As was the Old Testament type (see Ex. 12: 38; Num. 11: 4) so also was the New Testament antitype. Early in the church's history "the mixed multitude" became all too manifest, and so in the New Testament epistles we have many a searching question and warning designed to act as a home thrust to the conscience of any mere professor;-for instance, 1 Corinthians and Hebrews both refer to Israel, with her multitudes falling in the wilderness through unbelief, as a warning of what might happen to those in outward relationship with God if vital faith be lacking. (See 1 Cor. 10: and Heb. 3, 4) If people take up Christian ground God accepts them at their own valuation for the purposes of His holy judgment, and condemns them out of their own mouth like the wicked servant of Luke 19: 22.
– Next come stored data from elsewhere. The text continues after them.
lemma homology_linear_inv:
  assumes bij: "bij_betw f (reduced_homology K1 d1) (reduced_homology K2 d2)"
    and f: "homology_linear f K1 d1 K2 d2"
  shows "homology_linear (inv_into (reduced_homology K1 d1) f) K2 d2 K1 d1"
proof -
  let ?g = "inv_into (reduced_homology K1 d1) f"
  have g_eq: "?g (hclass K2 d2 z) = hclass K1 d1 z' \<longleftrightarrow> f (hclass K1 d1 z') = hclass K2 d2 z"
    if "z \<in> cycles K2 d2" "z' \<in> cycles K1 d1" for z z'
    using bij_betw_inv_into_left[OF bij hclass_in_reduced_homology[OF that(2)]]
      bij_betw_inv_into_right[OF bij hclass_in_reduced_homology[OF that(1)]] by auto
  show ?thesis
  proof (rule homology_linearI)
    fix z w z' w'
    assume zw: "z \<in> cycles K2 d2" "w \<in> cycles K2 d2" "z' \<in> cycles K1 d1" "w' \<in> cycles K1 d1"
      and "?g (hclass K2 d2 z) = hclass K1 d1 z'" "?g (hclass K2 d2 w) = hclass K1 d1 w'"
    then have "f (hclass K1 d1 z') = hclass K2 d2 z" "f (hclass K1 d1 w') = hclass K2 d2 w"
      using g_eq by blast+
    then show "?g (hclass K2 d2 (\<lambda>F. z F + w F)) = hclass K1 d1 (\<lambda>F. z' F + w' F)"
      unfolding g_eq[OF cycles_add[OF zw(1,2)] cycles_add[OF zw(3,4)]]
      by (rule homology_linear_addD[OF f zw(3,4,1,2)])
  next
    fix a z z'
    assume z: "z \<in> cycles K2 d2" "z' \<in> cycles K1 d1" and "?g (hclass K2 d2 z) = hclass K1 d1 z'"
    then have "f (hclass K1 d1 z') = hclass K2 d2 z" using g_eq by blast
    then show "?g (hclass K2 d2 (\<lambda>F. a * z F)) = hclass K1 d1 (\<lambda>F. a * z' F)"
      unfolding g_eq[OF cycles_scale[OF z(1)] cycles_scale[OF z(2)]]
      by (rule homology_linear_scaleD[OF f z(2,1)])
  qed
qed

lemma homology_iso_trans:
  assumes "homology_iso TYPE('k::field) K1 d1 K2 d2" "homology_iso TYPE('k) K2 d2 K3 d3"
  shows "homology_iso TYPE('k) K1 d1 K3 d3"
proof -
  obtain f g :: "(nat set \<Rightarrow> 'k) set \<Rightarrow> (nat set \<Rightarrow> 'k) set"
    where f: "bij_betw f (reduced_homology K1 d1) (reduced_homology K2 d2)" "homology_linear f K1 d1 K2 d2"
      and g: "bij_betw g (reduced_homology K2 d2) (reduced_homology K3 d3)" "homology_linear g K2 d2 K3 d3"
    using assms unfolding homology_iso_iff by blast
  have "homology_linear (g \<circ> f) K1 d1 K3 d3"
    using f g by (intro homology_linear_comp) (auto simp: bij_betw_def)
  then show ?thesis
    unfolding homology_iso_iff using bij_betw_trans[OF f(1) g(1)] by blast
qed

lemma homology_iso_sym:
  assumes "homology_iso TYPE('k::field) K1 d1 K2 d2"
  shows "homology_iso TYPE('k) K2 d2 K1 d1"
  using assms unfolding homology_iso_iff by (meson bij_betw_inv_into homology_linear_inv)

definition induced_map :: "nat set set \<Rightarrow> int \<Rightarrow> (nat set \<Rightarrow> 'k::field) set \<Rightarrow> (nat set \<Rightarrow> 'k) set"
  where "induced_map L d X = \<Union> (hclass L d ` X)"

lemma induced_map_hclass:
  assumes "boundaries K d \<subseteq> (boundaries L d :: (nat set \<Rightarrow> 'k::field) set)"
  shows "induced_map L d (hclass K d z) = hclass L d (z :: nat set \<Rightarrow> 'k)"
proof -
  have "hclass L d (\<lambda>F. z F + b F) = hclass L d z" if "b \<in> boundaries K d" for b
    using assms that by (auto simp: hclass_eq_iff)
  moreover have "boundaries K d \<noteq> {}" using boundaries_zero by blast
  ultimately have "(\<lambda>b. hclass L d (\<lambda>F. z F + b F)) ` boundaries K d = {hclass L d z}" by auto
  then show ?thesis unfolding induced_map_def hclass_def[of K] image_image by simp
qed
This is a key to the understanding of much Scripture and needless confusion is introduced if it be not discerned.

*****

Lastly, let us emphasise that there is a consideration of great gravity for every true believer connected with the judgment seat of Christ and the millennial kingdom beyond. If the rapture is the closing and crowning act of divine grace, it nevertheless directly leads to each individual saint standing before the judgment seat of Christ,-which is the terminus and grand reckoning place of his responsibility-and ultimately to the kingdom, which is the place and season when and where the decisions of that judgment seat will be displayed. At that judgment seat we shall "receive the things done in the body" (2 Cor. 5: 10), which may mean receiving a reward or suffering loss (1 Cor. 3: 14, 15.) Into that kingdom we may gain an abundant entrance or the reverse (2 Peter 1: 11.)

How will it fare with us each in that day? The answer depends entirely upon the character of our lives here, upon our service and suffering for Christ and the measure in which our characters are formed after Himself.

This searching theme is beyond the scope of the present paper. We mention it as a necessary counterbalance to our minds in considering that which is wholly of grace. We need to hold the whole truth in an even balance.

The desires and intentions of many of those who diligently teach a selective and partial rapture we believe to be of the best. Feeling keenly the low practical condition of most of God's children they desire some startling truth to shake them out of their present apathy, and almost terrify them into lives of devotion and zeal and watchfulness; and in that which they advance they believe they have found the needed goad.

But have they? NO. The truth concerning the judgment seat of Christ and the coming kingdom if kept in its proper connection is indeed a mighty incentive to devotedness, but it is not and cannot be its main motive. Much less can such a mistaken view of the rapture be anything of the kind. The only possible foundation upon which Christian devotedness can rest is GRACE. Grace alone furnishes motive power. Not law, nor fear of incurring penalties, but grace teaches us how to live. As Titus 2: 11-13, puts it, "The grace of God that bringeth salvation hath appeared to all men, teaching us that denying ungodliness and worldly lusts, we should live soberly, righteously, and godly, in this present world, looking for that blessed hope, and the glorious appearing of the great God and our Saviour Jesus Christ."

By the grace then that has saved you, Christian reader-the grace that will put the top stone to the work by landing you in glory with and like Christ at the blessed moment of rapture, we call upon you to awake from sleep and lethargy, and like Caleb, wholly follow your Lord. As an added incentive we remind you that your whole career here is to be scrutinised before the judgment seat with corresponding reward or loss in the coming kingdom. You have but one life to live! Be in earnest.

But let grace be the meat and drink of your heart that you may, like Elijah, have strength for your pilgrimage way to the appointed meeting place. Depend upon it, if when our Lord Jesus Christ appears in glory He comes "with ALL His saints" (1 Thess. 3: 13), He will not catch up less than ALL when previously He comes for them.